The first step in my point of view is to identify where it is. When you know where you are you can work with the business strategic plan and check where the company want be and see what are IT initiatives will help in this way. As soon as you know where you (IT) are and where you (IT) want to go you can prepare an IT business plan and when it is approved you will have the budget.
The first iTil step is to define the it services that will make you able to reach the
The second step is to check the it services sla's that you are able to provide
The third step is to negotiate those sla's with business and have it initiatives plan
The next step is to prepare it project portfolio with goals, cost, communication plan, marketing plan about the results reached
Other step is to have a full incident management in order to keep the sla's
and you can do the with problem change, config and release mgt
After that improvement policies...I hope this helps
I think to start with "Configuration Management" will be more helpful.
If you have CMDB then it would be easy to implement Change Management & Release Management.
With all due respect, change has to come before config, else what keeps the CMDB up to date? Also, config and the CMDB are the most complex, lengthy and expensive of all the processes to implement so making that your first ITIL project is not a good idea. Benefits and pay back way too long. Success with ITIL needs to have some early wins that donít cost too much and can be implemented quickly. This gets you the buy in needed for the bigger projects.
In fact there are several of the processes that should be considered before config.
Ideally, one would implement change, config and release together, but since these take different lengths of time and substantially different efforts to implement, the only way to launch them together is to know the effort, plan the end date and stagger the start dates so they coincide Ė not very practical.
I suppose you could also build your processes, shelve the ones done first until they are all ready for launch. In my opinion also not a good idea.
Start with an assessment to understand the points of pain and biggest return for the business. Understand the business priorities and from there you can create a plan for 1-2 years to start making process improvements. Your plan should contain quick wins as well as identify the first 2-4 processes that you should formalize or implement.
Start with making a checklist of what you have in your organisation eg. Asset Register, Software for ITIL, ITIL Awarness. Management Commitment, Vison for your organisation (where you are and where you want to get to), Process Documents and identify the gaps.
Based on what your organisation want to achieve choose the process which will be suitable to achieve your targets.
It would help your staff if you can arrange for ITIL awarness training among all the IT staff .
The easiest to start with is SD and IM. This is what would give you quick wins. To do a decent SD job you would require a decent ticketing tool.
Dwight, I am disagreeing with your theory of Change has to be implemented before Configuration. You have corrected it later in your reply.. CCR (change, Config and Release) has to be implemented all together. Start with collecting all the data for the Config and set a deadline for the config to create a baseline from where you can implement Chg Management.
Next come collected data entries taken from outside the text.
(* Let $(V,g)$ be a Euclidean vector space of dimension $n\ge3$, $N=\frac{(n-1)(n+2)}{2}$. (1) If $1\le\alpha_1\le\alpha_2<N$ and $\theta>-1$, then $\mathcal{C}(\alpha_1,\theta)\subset\mathcal{C}(\alpha_2,\theta)$. (2) If $\alpha\in[1,N)$ and $-1<\theta_1\le\theta_2$, then $\mathcal{C}(\alpha,\theta_1)\subset\mathcal{C}(\alpha,\theta_2)$.
   Context: $S^2_0(V)$ is the space of traceless symmetric two-tensors on $V$ (dimension $N$). For a symmetric operator on $S^2_0(V)$ with eigenvalues $\lambda_1\le\cdots\le\lambda_N$ and average $\bar\lambda$, write $\lambda_1+\cdots+\lambda_\alpha:=\lambda_1+\cdots+\lambda_{[\alpha]}+(\alpha-[\alpha])\lambda_{[\alpha]+1}$; $\mathcal{C}(\alpha,\theta)$ is the cone of symmetric operators on $S^2_0(V)$ with $\alpha^{-1}(\lambda_1+\cdots+\lambda_\alpha)\ge-\theta\bar\lambda$. (In the paper these cones are considered for operators $\mathring{R}$ induced by algebraic curvature tensors.) *)

theory Defs
  imports "Jordan_Normal_Form.Char_Poly" "HOL-Library.Multiset"
begin

text \<open>A symmetric operator on the N-dimensional Euclidean space S^2_0(V) is represented by
  its (real, symmetric) N x N matrix with respect to an orthonormal basis.\<close>

definition sym_op :: "nat \<Rightarrow> real mat \<Rightarrow> bool" where
  "sym_op N A \<longleftrightarrow> A \<in> carrier_mat N N \<and> transpose_mat A = A"

text \<open>Eigenvalues (with multiplicity) in increasing order: lambda_1 <= ... <= lambda_N
  is the list at positions 0, ..., N-1.\<close>

definition eigs :: "real mat \<Rightarrow> real list" where
  "eigs A = sorted_list_of_multiset (proots (char_poly A))"

definition partial_eig_sum :: "real mat \<Rightarrow> real \<Rightarrow> real" where
  "partial_eig_sum A \<alpha> =
     (\<Sum>i<nat \<lfloor>\<alpha>\<rfloor>. eigs A ! i) + (\<alpha> - of_int \<lfloor>\<alpha>\<rfloor>) * eigs A ! nat \<lfloor>\<alpha>\<rfloor>"

definition avg_eig :: "nat \<Rightarrow> real mat \<Rightarrow> real" where
  "avg_eig N A = (\<Sum>i<N. eigs A ! i) / real N"

definition cone :: "nat \<Rightarrow> real \<Rightarrow> real \<Rightarrow> real mat set" where
  "cone N \<alpha> \<theta> = {A. sym_op N A \<and> partial_eig_sum A \<alpha> / \<alpha> \<ge> - \<theta> * avg_eig N A}"

end

theory Submission
  imports Defs
begin

(* A real symmetric matrix has only real eigenvalues, so its characteristic polynomial splits
   over the reals and the sorted eigenvalue list has exactly N entries. The function
   alpha |-> lambda_1 + ... + lambda_alpha is piecewise linear with nondecreasing slopes and
   vanishes at 0, hence convex; so the averages (lambda_1 + ... + lambda_alpha) / alpha are
   nondecreasing on (0, N], and at alpha = N they equal the mean eigenvalue. This gives (1), for
   every theta. For (2), comparing with alpha = N shows that every member of C(alpha, theta)
   satisfies -theta * mean <= mean, which for theta > -1 forces mean >= 0; and then
   -theta * mean decreases in theta. *)

lemma eigenvalue_of_real_symmetric_in_Reals:
  fixes A :: "real mat"
  assumes A: "A \<in> carrier_mat n n" and sym: "transpose_mat A = A"
    and ev: "eigenvalue (map_mat complex_of_real A) a"
  shows "a \<in> \<real>"
proof -
  let ?B = "map_mat complex_of_real A"
  obtain v where v: "v \<in> carrier_vec n" "v \<noteq> 0\<^sub>v n" "?B *\<^sub>v v = a \<cdot>\<^sub>v v"
    using ev A unfolding eigenvalue_def eigenvector_def by auto
  have A_sym: "A $$ (i, j) = A $$ (j, i)" if "i < n" "j < n" for i j
    using sym A that by (metis carrier_matD index_transpose_mat(1))
  \<comment> \<open>\<open>s = v\<^sup>* B v\<close> is real because \<open>B\<close> is real symmetric, and equals \<open>a |v|\<^sup>2\<close>.\<close>
  define s where "s = (\<Sum>i<n. cnj (v $ i) * (?B *\<^sub>v v) $ i)"
  have s_double_sum: "s = (\<Sum>i<n. \<Sum>j<n. cnj (v $ i) * of_real (A $$ (i, j)) * v $ j)"
    unfolding s_def using A v(1)
    by (auto simp: scalar_prod_def sum_distrib_left mult.assoc intro!: sum.cong)
  have "cnj s = (\<Sum>i<n. \<Sum>j<n. v $ i * of_real (A $$ (i, j)) * cnj (v $ j))"
    unfolding s_double_sum by (simp add: cnj_sum)
  also have "\<dots> = (\<Sum>j<n. \<Sum>i<n. v $ i * of_real (A $$ (i, j)) * cnj (v $ j))"
    by (rule sum.swap)
  also have "\<dots> = s"
    unfolding s_double_sum
    by (intro sum.cong refl) (simp add: A_sym mult.commute mult.left_commute)
  finally have s_real: "cnj s = s" .
  define r where "r = (\<Sum>i<n. (cmod (v $ i))\<^sup>2)"
  have s_eq: "s = a * of_real r"
    unfolding s_def r_def of_real_sum using v(1,3)
    by (auto simp: sum_distrib_left complex_norm_square mult_ac simp del: of_real_power
        intro!: sum.cong)
  obtain i where "i < n" "v $ i \<noteq> 0"
    using v(1,2) by (metis eq_vecI carrier_vecD index_zero_vec(1,2))
  then have "r > 0"
    unfolding r_def by (intro sum_pos2[of _ i]) auto
  with s_real have "cnj a = a"
    unfolding s_eq by simp
  then show ?thesis
    by (simp add: Reals_cnj_iff)
qed

lemma proots_prod_linear_factors:
  "proots (\<Prod>r\<leftarrow>rs. [:- r, 1:]) = mset (rs :: 'a :: idom list)"
proof (induction rs)
  case (Cons r rs)
  have "(\<Prod>r\<leftarrow>rs. [:- r, 1:]) \<noteq> (0 :: 'a poly)"
    by (auto simp: prod_list_zero_iff)
  then have "proots ([:- r, 1:] * (\<Prod>r\<leftarrow>rs. [:- r, 1:])) =
      proots [:- r, 1:] + proots (\<Prod>r\<leftarrow>rs. [:- r, 1:])"
    by (intro proots_mult) simp_all
  then show ?case
    using Cons.IH by simp
qed simp

lemma char_poly_real_symmetric_splits:
  fixes A :: "real mat"
  assumes A: "A \<in> carrier_mat n n" and sym: "transpose_mat A = A"
  obtains rs where "length rs = n" "char_poly A = (\<Prod>r\<leftarrow>rs. [:- r, 1:])"
proof -
  let ?B = "map_mat complex_of_real A"
  have B: "?B \<in> carrier_mat n n"
    using A by simp
  obtain as where as: "char_poly ?B = (\<Prod>a\<leftarrow>as. [:- a, 1:])" "length as = n"
    using char_poly_factorized[OF B] by blast
  have as_real: "of_real (Re a) = a" if "a \<in> set as" for a
  proof -
    have "poly (char_poly ?B) a = 0"
      unfolding as(1) using that by (simp add: poly_prod_list prod_list_zero_iff)
    then have "eigenvalue ?B a"
      using eigenvalue_root_char_poly[OF B] by simp
    then show ?thesis
      using eigenvalue_of_real_symmetric_in_Reals[OF A sym] by (simp add: of_real_Re)
  qed
  interpret of_real_poly: map_poly_inj_idom_hom "of_real :: real \<Rightarrow> complex" ..
  have "map_poly of_real (char_poly A) = char_poly ?B"
    by (rule of_real_hom.char_poly_hom[OF A, symmetric])
  also have "\<dots> = (\<Prod>a\<leftarrow>as. [:- a, 1:])"
    by (rule as(1))
  also have "\<dots> = map_poly of_real (\<Prod>r\<leftarrow>map Re as. [:- r, 1:])"
    using as_real by (simp add: of_real_poly.hom_prod_list o_def cong: map_cong)
  finally have "char_poly A = (\<Prod>r\<leftarrow>map Re as. [:- r, 1:])"
    by (simp add: of_real_poly.eq_iff)
  with as(2) show ?thesis
    by (intro that[of "map Re as"]) simp_all
qed

lemma length_eigs:
  assumes "sym_op n A"
  shows "length (eigs A) = n"
proof -
  have "A \<in> carrier_mat n n" "transpose_mat A = A"
    using assms unfolding sym_op_def by auto
  then obtain rs where rs: "length rs = n" "char_poly A = (\<Prod>r\<leftarrow>rs. [:- r, 1:])"
    by (rule char_poly_real_symmetric_splits)
  then show ?thesis
    unfolding eigs_def rs(2) proots_prod_linear_factors by simp
qed

definition frac_prefix_sum :: "real list \<Rightarrow> real \<Rightarrow> real" where
  "frac_prefix_sum l \<alpha> = (\<Sum>i<nat \<lfloor>\<alpha>\<rfloor>. l ! i) + (\<alpha> - of_int \<lfloor>\<alpha>\<rfloor>) * l ! nat \<lfloor>\<alpha>\<rfloor>"

lemma frac_prefix_sum_le:
  fixes a :: real
  assumes "sorted l" "0 \<le> a" "a < length l"
  shows "frac_prefix_sum l a \<le> a * l ! nat \<lfloor>a\<rfloor>"
proof -
  define k where "k = nat \<lfloor>a\<rfloor>"
  have floor_a: "of_int \<lfloor>a\<rfloor> = real k"
    unfolding k_def using assms(2) by simp
  have "k < length l"
    using assms(2,3) floor_a by linarith
  then have "(\<Sum>i<k. l ! i) \<le> (\<Sum>i<k. l ! k)"
    using assms(1) by (intro sum_mono sorted_nth_mono) auto
  then show ?thesis
    unfolding frac_prefix_sum_def k_def[symmetric] floor_a by (simp add: algebra_simps)
qed

lemma frac_prefix_sum_increment_ge:
  fixes a b :: real
  assumes "sorted l" "0 \<le> a" "a \<le> b" "b \<le> length l"
  shows "(b - a) * l ! nat \<lfloor>a\<rfloor> \<le> frac_prefix_sum l b - frac_prefix_sum l a"
proof -
  define k m where "k = nat \<lfloor>a\<rfloor>" and "m = nat \<lfloor>b\<rfloor>"
  define c where "c = l ! k"
  have floor_a: "of_int \<lfloor>a\<rfloor> = real k" and floor_b: "of_int \<lfloor>b\<rfloor> = real m"
    unfolding k_def m_def using assms(2,3) by simp_all
  have "k \<le> m" "m \<le> length l"
    unfolding k_def m_def using assms(3,4) floor_b by (simp_all add: floor_mono nat_mono, linarith)
  have "(\<Sum>i\<in>{k..<m}. c) \<le> (\<Sum>i\<in>{k..<m}. l ! i)"
    unfolding c_def using assms(1) \<open>m \<le> length l\<close> by (intro sum_mono sorted_nth_mono) auto
  then have middle: "(real m - real k) * c \<le> (\<Sum>i\<in>{k..<m}. l ! i)"
    using \<open>k \<le> m\<close> by (simp add: of_nat_diff)
  have last: "(b - real m) * c \<le> (b - real m) * l ! m"
  proof (cases "m < length l")
    case True
    then show ?thesis
      unfolding c_def using assms(1) \<open>k \<le> m\<close> floor_b
      by (intro mult_left_mono sorted_nth_mono) linarith+
  next
    case False
    then have "b = real m"
      using assms(4) floor_b by linarith
    then show ?thesis by simp
  qed
  have "(\<Sum>i<m. l ! i) = (\<Sum>i<k. l ! i) + (\<Sum>i\<in>{k..<m}. l ! i)"
    using \<open>k \<le> m\<close> by (metis sum.atLeastLessThan_concat zero_le lessThan_atLeast0)
  then have "frac_prefix_sum l b - frac_prefix_sum l a =
      (\<Sum>i\<in>{k..<m}. l ! i) + (b - real m) * l ! m - (a - real k) * c"
    unfolding frac_prefix_sum_def k_def[symmetric] m_def[symmetric] c_def floor_a floor_b
    by simp
  with middle last show ?thesis
    unfolding k_def[symmetric] c_def[symmetric] by (simp add: algebra_simps)
qed

lemma frac_prefix_sum_div_mono:
  fixes a b :: real
  assumes "sorted l" "0 < a" "a \<le> b" "b \<le> length l"
  shows "frac_prefix_sum l a / a \<le> frac_prefix_sum l b / b"
proof (cases "a = b")
  case False
  \<comment> \<open>\<open>c\<close> separates the two averages: \<open>S a / a \<le> c \<le> (S b - S a) / (b - a)\<close>.\<close>
  define c where "c = l ! nat \<lfloor>a\<rfloor>"
  have "frac_prefix_sum l a \<le> a * c"
    unfolding c_def using assms False by (intro frac_prefix_sum_le) auto
  with assms(3) have "(b - a) * frac_prefix_sum l a \<le> a * ((b - a) * c)"
    by (metis diff_ge_0_iff_ge mult.left_commute mult_left_mono)
  also have "\<dots> \<le> a * (frac_prefix_sum l b - frac_prefix_sum l a)"
    unfolding c_def using assms by (intro mult_left_mono frac_prefix_sum_increment_ge) auto
  finally have "b * frac_prefix_sum l a \<le> a * frac_prefix_sum l b"
    by (simp add: algebra_simps)
  then show ?thesis
    using assms(2,3) by (simp add: divide_simps mult.commute)
qed simp

lemma partial_eig_sum_div_mono:
  assumes "sym_op N A" "0 < \<alpha>1" "\<alpha>1 \<le> \<alpha>2" "\<alpha>2 \<le> real N"
  shows "partial_eig_sum A \<alpha>1 / \<alpha>1 \<le> partial_eig_sum A \<alpha>2 / \<alpha>2"
proof -
  have "sorted (eigs A)"
    unfolding eigs_def by simp
  moreover have "partial_eig_sum A = frac_prefix_sum (eigs A)"
    by (simp add: fun_eq_iff partial_eig_sum_def frac_prefix_sum_def)
  ultimately show ?thesis
    using frac_prefix_sum_div_mono length_eigs[OF assms(1)] assms(2-4) by simp
qed

lemma avg_eig_eq_partial_eig_sum: "avg_eig N A = partial_eig_sum A (real N) / real N"
  by (simp add: avg_eig_def partial_eig_sum_def)

lemma cone_mono_alpha:
  assumes "0 < \<alpha>1" "\<alpha>1 \<le> \<alpha>2" "\<alpha>2 \<le> real N"
  shows "cone N \<alpha>1 \<theta> \<subseteq> cone N \<alpha>2 \<theta>"
  using partial_eig_sum_div_mono[OF _ assms] unfolding cone_def by force

lemma avg_eig_nonneg_if_mem_cone:
  assumes A: "A \<in> cone N \<alpha> \<theta>" and "-1 < \<theta>" "0 < \<alpha>" "\<alpha> \<le> real N"
  shows "0 \<le> avg_eig N A"
proof (rule ccontr)
  assume negative: "\<not> 0 \<le> avg_eig N A"
  have "- \<theta> * avg_eig N A \<le> partial_eig_sum A \<alpha> / \<alpha>"
    using A unfolding cone_def by simp
  also have "\<dots> \<le> avg_eig N A"
    using A partial_eig_sum_div_mono[OF _ assms(3,4) order_refl]
    unfolding cone_def avg_eig_eq_partial_eig_sum by simp
  finally have "0 \<le> (\<theta> + 1) * avg_eig N A"
    by (simp add: algebra_simps)
  with negative \<open>-1 < \<theta>\<close> show False
    by (simp add: zero_le_mult_iff)
qed

lemma cone_mono_theta:
  assumes "-1 < \<theta>1" "\<theta>1 \<le> \<theta>2" "0 < \<alpha>" "\<alpha> \<le> real N"
  shows "cone N \<alpha> \<theta>1 \<subseteq> cone N \<alpha> \<theta>2"
proof
  fix A
  assume A: "A \<in> cone N \<alpha> \<theta>1"
  have "- \<theta>2 * avg_eig N A \<le> - \<theta>1 * avg_eig N A"
    using avg_eig_nonneg_if_mem_cone[OF A assms(1,3,4)] assms(2) by (simp add: mult_right_mono)
  with A show "A \<in> cone N \<alpha> \<theta>2"
    unfolding cone_def by auto
qed

theorem proposition2p8:
  fixes n N :: nat
  assumes "n \<ge> 3"
    and "N = (n - 1) * (n + 2) div 2"
  shows "(\<forall>\<alpha>1 \<alpha>2 \<theta> :: real. 1 \<le> \<alpha>1 \<and> \<alpha>1 \<le> \<alpha>2 \<and> \<alpha>2 < real N \<and> \<theta> > -1
            \<longrightarrow> cone N \<alpha>1 \<theta> \<subseteq> cone N \<alpha>2 \<theta>)
       \<and> (\<forall>\<alpha> \<theta>1 \<theta>2 :: real. 1 \<le> \<alpha> \<and> \<alpha> < real N \<and> -1 < \<theta>1 \<and> \<theta>1 \<le> \<theta>2
            \<longrightarrow> cone N \<alpha> \<theta>1 \<subseteq> cone N \<alpha> \<theta>2)"
  \<comment> \<open>The inclusions hold for every \<open>N\<close>.\<close>
proof (intro conjI allI impI)
  fix \<alpha>1 \<alpha>2 \<theta> :: real
  assume "1 \<le> \<alpha>1 \<and> \<alpha>1 \<le> \<alpha>2 \<and> \<alpha>2 < real N \<and> \<theta> > -1"
  then show "cone N \<alpha>1 \<theta> \<subseteq> cone N \<alpha>2 \<theta>"
    by (intro cone_mono_alpha) auto
next
  fix \<alpha> \<theta>1 \<theta>2 :: real
  assume "1 \<le> \<alpha> \<and> \<alpha> < real N \<and> -1 < \<theta>1 \<and> \<theta>1 \<le> \<theta>2"
  then show "cone N \<alpha> \<theta>1 \<subseteq> cone N \<alpha> \<theta>2"
    by (intro cone_mono_theta) auto
qed

end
I would like to give a (perhaps) controversial reply:
...... DON'T START WITH ANY of the Service Delivery / Service Support processes !
Firstly, recognise that you are most likely already executing part/most of all of these processes, but what you may not have is a continual service improvement programme and adequate management involvement, ownership, support and control.
Therefore, I recommend that you start with the ISO20000 processes "The Management System" and "Planning and Implementing Service Management". A successful implementation of these processes will give you the management framework to begin to control, plan, implement, check and improve all of your other processes.
With these processes come management responsibility and control, process ownership, document control, service planning, assessment of current status, service reviews, internal auditing, continuous improvement and the service improvement plan.
Without these in place, an ITIL implementation is at considerable risk.
For additional reference, see ISO/IEC 20000, Parts 1 and 2, and the ITIL green book "Planning to Implement Service Management".
There are no quick wins in this approach, but you build solid foundations for your service improvement programme.